Für uns hier in Mitteleuropa ist die Grundfrage immer dieselbe. Was wird aus uns? Ist das, was geschieht, gut oder schlecht für uns Ungarn, für die Mitteleuropäer, die Europäer? Und wenn es schlecht ist, wie können wir den Schaden minimieren, wie können wir teilweise Vorteile erlangen – und vor allem: Wie sollten wir versuchen, die Zukunft zu gestalten, damit ähnlich nachteilige Ereignisse verhindert werden?

Was die Vorhersagen angeht, lohnt es, sich auf einige sehr allgemeine Fakten zu beschränken. Der Schwerpunkt des europäischen Integrationsprozesses bewegt sich nach Osten, das geopolitische und wirtschaftliche Gewicht Mitteleuropas wird entscheidend aufgewertet. Dieser Prozess ist freilich schon früher angelaufen: deutsche Einheit, Verlagerung der Hauptstadt nach Berlin, Europas Wiedervereinigung, schnelleres Wirtschaftswachstum in Mitteleuropa, sicherheitspolitische Entwicklungen an den östlichen Rändern. Aber jetzt bekommt er neuen Aufschwung.

Deutsche Wende nach Osten

Die Schlüsselfrage ist – immer in unterschiedlicher Form, aber doch – Deutschland, die „Conditio Germaniae“. Nach dem Austritt der Briten muss Deutschland sich entschiedener als bisher nach Mitteleuropa wenden. Dies umso mehr, als die bisherige Entwicklung der wirtschaftlichen Beziehungen und die neuen Faktoren der Sicherheit und Geopolitik dies verlangen.

2014 musste die sichtbare Verletzung der territorialen Integrität durch eine Großmacht eintreten, um uns die Bedeutung des Territoriums wieder bewusst werden zu lassen („die Geschichte ist zurückgekehrt“). 2015 stellte sich dann heraus, dass unsere Grenzen auch auf andere Weise verletzt werden können. Also ist die geo- und sicherheitspolitische Bedeutung des „Osteuropa“ genannten Mitteleuropas gewachsen.
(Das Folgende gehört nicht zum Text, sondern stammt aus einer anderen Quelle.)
lemma trivial_mod_add:
  assumes "trivial_mod S w h1" "trivial_mod S w h2"
  shows "trivial_mod S w (h1 + h2)"
proof -
  obtain ts1 ts2 where
    "h1 = sum_list (map (\<lambda>(\<alpha>, \<beta>, a, s, b). wmult (ymon \<beta> \<alpha>) (nsw a s b)) ts1)"
    "\<forall>(\<alpha>, \<beta>, a, s, b)\<in>set ts1. s \<in> S \<and> alsw (a @ lx s @ b) \<and> mon_gt w (\<beta> + ly s, a @ lx s @ b)"
    "h2 = sum_list (map (\<lambda>(\<alpha>, \<beta>, a, s, b). wmult (ymon \<beta> \<alpha>) (nsw a s b)) ts2)"
    "\<forall>(\<alpha>, \<beta>, a, s, b)\<in>set ts2. s \<in> S \<and> alsw (a @ lx s @ b) \<and> mon_gt w (\<beta> + ly s, a @ lx s @ b)"
    using assms unfolding trivial_mod_def by blast
  then show ?thesis unfolding trivial_mod_def by (intro exI[of _ "ts1 @ ts2"]) auto
qed

lemma trivial_mod_sum:
  "finite K \<Longrightarrow> (\<And>k. k \<in> K \<Longrightarrow> trivial_mod S w (F k)) \<Longrightarrow> trivial_mod S w (\<Sum>k\<in>K. F k)"
  by (induction K rule: finite_induct) (auto intro: trivial_mod_zero trivial_mod_add)

lemma trivial_mod_normal_word:
  assumes "s \<in> S" "alsw (a @ lx s @ b)" "mon_gt w (\<beta> + ly s, a @ lx s @ b)"
  shows "trivial_mod S w (wmult (ymon \<beta> \<alpha>) (nsw a s b))"
  unfolding trivial_mod_def by (rule exI[of _ "[(\<alpha>, \<beta>, a, s, b)]"]) (use assms in simp)

lemma trivial_mod_kY_mult_lower:
  assumes f: "f \<in> S" "ly f = {#}" "alsw (lx f)"
    and q: "q \<in> kY" "\<forall>k\<in>keys q. deglexY_gt \<gamma> (fst k)"
  shows "trivial_mod S (\<gamma>, lx f) (wmult q f)"
proof -
  have "wmult q f = (\<Sum>k\<in>keys q. wmult (ymon (fst k) (lookup q k)) (nsw [] f []))"
    by (subst kY_eq_sum_ymon[OF q(1)]) (simp add: wmult_sum_left nsw_Nil_Nil)
  also have "trivial_mod S (\<gamma>, lx f) \<dots>"
    using f q(2) by (intro trivial_mod_sum trivial_mod_normal_word) (auto simp: mon_gt_def)
  finally show ?thesis .
qed

text \<open>Each \<open>r [z]\<close> with \<open>z = x z'\<close> is the normal \<open>rx\<close>-word \<open>[(rx) z']\<close>.\<close>

lemma trivial_mod_kY_var_lower:
  assumes S: "\<And>x'. wmult r (var x') \<in> S" and r: "r \<in> kY" "r \<noteq> 0"
    and Z: "finite Z" "\<forall>z\<in>Z. alsw z \<and> deglex_gt m z \<and> c z \<in> kY"
  shows "trivial_mod S (\<gamma>, m) (wmult r (\<Sum>z\<in>Z. wmult (c z) (std_poly z)))"
proof -
  have "wmult r (\<Sum>z\<in>Z. wmult (c z) (std_poly z))
      = (\<Sum>z\<in>Z. \<Sum>k\<in>keys (c z). wmult (ymon (fst k) (lookup (c z) k)) (wmult r (std_poly z)))"
  proof (simp only: wmult_sum_right, rule sum.cong[OF refl])
    fix z assume "z \<in> Z"
    then have "c z \<in> kY" using Z(2) by blast
    then have "wmult r (wmult (c z) (std_poly z)) = wmult (c z) (wmult r (std_poly z))"
      by (metis kY_commute wmult_assoc)
    also have "\<dots> = (\<Sum>k\<in>keys (c z). wmult (ymon (fst k) (lookup (c z) k)) (wmult r (std_poly z)))"
      by (subst kY_eq_sum_ymon[OF \<open>c z \<in> kY\<close>]) (simp add: wmult_sum_left)
    finally show "wmult r (wmult (c z) (std_poly z)) = \<dots>" .
  qed
  also have "trivial_mod S (\<gamma>, m) \<dots>"
  proof (intro trivial_mod_sum)
    fix z k assume z: "z \<in> Z"
    then have "z \<noteq> []" "alsw z" "deglex_gt m z" using Z(2) alsw_def by auto
    then have z_eq: "[] @ [hd z] @ tl z = z" by simp
    let ?s = "wmult r (var (hd z))"
    have lx_s: "lx ?s = [hd z]" by (rule lx_kY_var[OF r])
    have "wmult r (std_poly z) = nsw [] ?s (tl z)"
      using nsw_kY_var[OF r(1) lx_s, of "[]" "tl z"] z_eq by simp
    moreover have "trivial_mod S (\<gamma>, m) (wmult (ymon (fst k) (lookup (c z) k)) (nsw [] ?s (tl z)))"
      using S \<open>alsw z\<close> \<open>deglex_gt m z\<close>
      by (intro trivial_mod_normal_word) (simp_all add: lx_s hd_Cons_tl[OF \<open>z \<noteq> []\<close>] mon_gt_def)
    ultimately show "trivial_mod S (\<gamma>, m) (wmult (ymon (fst k) (lookup (c z) k)) (wmult r (std_poly z)))"
      by simp
  qed (use Z(1) in simp_all)
  finally show ?thesis .
qed

lemma incl_comp_split:
  assumes "ly f = {#}" and "f = p + F" and "nsw a g b = wmult r p"
  shows "incl_comp f g a b = wmult (ymon (ly g) 1 - r) f + wmult r F"
proof -
  have "incl_comp f g a b = wmult (ymon (ly g) 1) f - wmult r p"
    unfolding incl_comp_def Let_def assms(1,3) by simp
  also have "\<dots> = wmult (ymon (ly g) 1 - r) f + wmult r F"
    unfolding wmult_diff_left by (simp add: assms(2) wmult_add_right algebra_simps)
  finally show ?thesis .
qed

lemma trivial_mod_split_composition:
  assumes S: "f \<in> S" "\<And>x'. wmult r (var x') \<in> S"
    and r: "r \<in> kY" "kmonic (wmult r (var x))"
    and f: "ly f = {#}" "alsw (lx f)"
    and Z: "finite Z" "\<forall>z\<in>Z. alsw z \<and> deglex_gt (lx f) z \<and> c z \<in> kY"
  defines "\<gamma> \<equiv> ly (wmult r (var x))"
  shows "trivial_mod S (\<gamma>, lx f) (wmult (ymon \<gamma> 1 - r) f + wmult r (\<Sum>z\<in>Z. wmult (c z) (std_poly z)))"
proof (rule trivial_mod_add)
  show "trivial_mod S (\<gamma>, lx f) (wmult (ymon \<gamma> 1 - r) f)"
  proof (rule trivial_mod_kY_mult_lower[OF S(1) f])
    show "ymon \<gamma> 1 - r \<in> kY" by (rule kY_diff[OF ymon_kY r(1)])
    show "\<forall>k\<in>keys (ymon \<gamma> 1 - r). deglexY_gt \<gamma> (fst k)"
      unfolding \<gamma>_def by (rule kmonic_kY_var_tail[OF r])
  qed
  have "r \<noteq> 0" using r(2) by (auto simp: kmonic_def)
  then show "trivial_mod S (\<gamma>, lx f) (wmult r (\<Sum>z\<in>Z. wmult (c z) (std_poly z)))"
    by (rule trivial_mod_kY_var_lower[OF S(2) r(1) _ Z])
qed

theorem lemma4p4:
  fixes f g r :: "('y::wellorder, 'x::wellorder, 'k::field) kpol"
    and x :: 'x and a b :: "'x list"
  assumes "f \<in> lie_alg" and "g \<in> lie_alg"
    and "kmonic f" and "kmonic g"
    and "ly f = {#}"
    and "r \<in> kY" and "g = wmult r (var x)"
    and "lx f = a @ lx g @ b"
  shows "trivial_mod ({f} \<union> {wmult r (var x') | x'. True}) (incl_w f g) (incl_comp f g a b)"
proof -
  obtain Z c where exp: "lyndon_expansion Z c f" using lie_alg_lyndon_expansion[OF assms(1)] by blast
  then have Z: "finite Z" "Z \<noteq> {}" using assms(3) by (auto simp: lyndon_expansion_def kmonic_def)
  then obtain m where m: "m \<in> Z" "\<forall>z\<in>Z. z \<noteq> m \<longrightarrow> deglex_gt m z"
    using finite_deglex_greatest by blast
  note lx_f = lx_lyndon_expansion[OF exp m] and f_eq = lyndon_expansion_kmonic[OF exp m assms(3,5)]
  have "r \<noteq> 0" using assms(4,7) by (auto simp: kmonic_def)
  note lx_g = lx_kY_var[OF assms(6) this, of x]
  have "nsw a g b = wmult r (std_poly m)"
    using nsw_kY_var[OF assms(6) lx_g] assms(7,8) lx_f lx_g by simp
  then have "incl_comp f g a b = wmult (ymon (ly g) 1 - r) f
      + wmult r (\<Sum>z\<in>Z - {m}. wmult (c z) (std_poly z))"
    by (rule incl_comp_split[OF assms(5) f_eq])
  moreover have "trivial_mod ({f} \<union> {wmult r (var x') | x'. True}) (ly g, lx f) \<dots>"
    unfolding assms(7) using exp m Z(1) assms(3,4,5,6)[unfolded assms(7)] lx_f
    by (intro trivial_mod_split_composition) (auto simp: lyndon_expansion_def)
  ultimately show ?thesis by (simp add: incl_w_def assms(5))
qed

end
Die deutsche Wende nach Osten kann nicht plötzlich und schnell erfolgen. Denn gerade in der gegenwärtigen Situation ist die bilaterale deutsch-französische Beziehung und Zusammenarbeit besonders wichtig. Die eigentliche Frage liegt nicht in der Geschwindigkeit, sondern im Wie: Auf welche Weise wird Berlin die Wende nach Mitteleuropa umsetzen?

Betrachtet Berlin die Mitteleuropäer als gleichrangige Partner, die einen vollwertigen Platz am Tisch haben, an dem grundlegende Entscheidungen getroffen werden? Als Partner, die ein wertvolles europäisches kulturelles und zivilisatorisches Erbe tragen, das unabdingbar ist für die europäische Identität und Wertordnung und den darauf aufzubauenden Integrationsprozess? Oder sieht es die Mitteleuropäer vielmehr als kleine Brüder, gewohnheitsmäßige, gehorsame Vollstrecker von Entscheidungen, die ohne sie getroffen wurden?

In der Mitte, nicht am Rand

Dazu braucht es mehr als die Verlagerung der Hauptstadt nach Berlin. Es braucht Verständnis, Empathie, Toleranz, Achtung und gründlichere Kenntnisse. Und wir müssen viel deutlicher klarmachen, dass wir weder geografisch noch sonst irgendwie am Rand Europas stehen. Wir sind in der Mitte Europas. Wir haben darum gekämpft, haben es nicht umsonst bekommen und werden es nicht aufgeben.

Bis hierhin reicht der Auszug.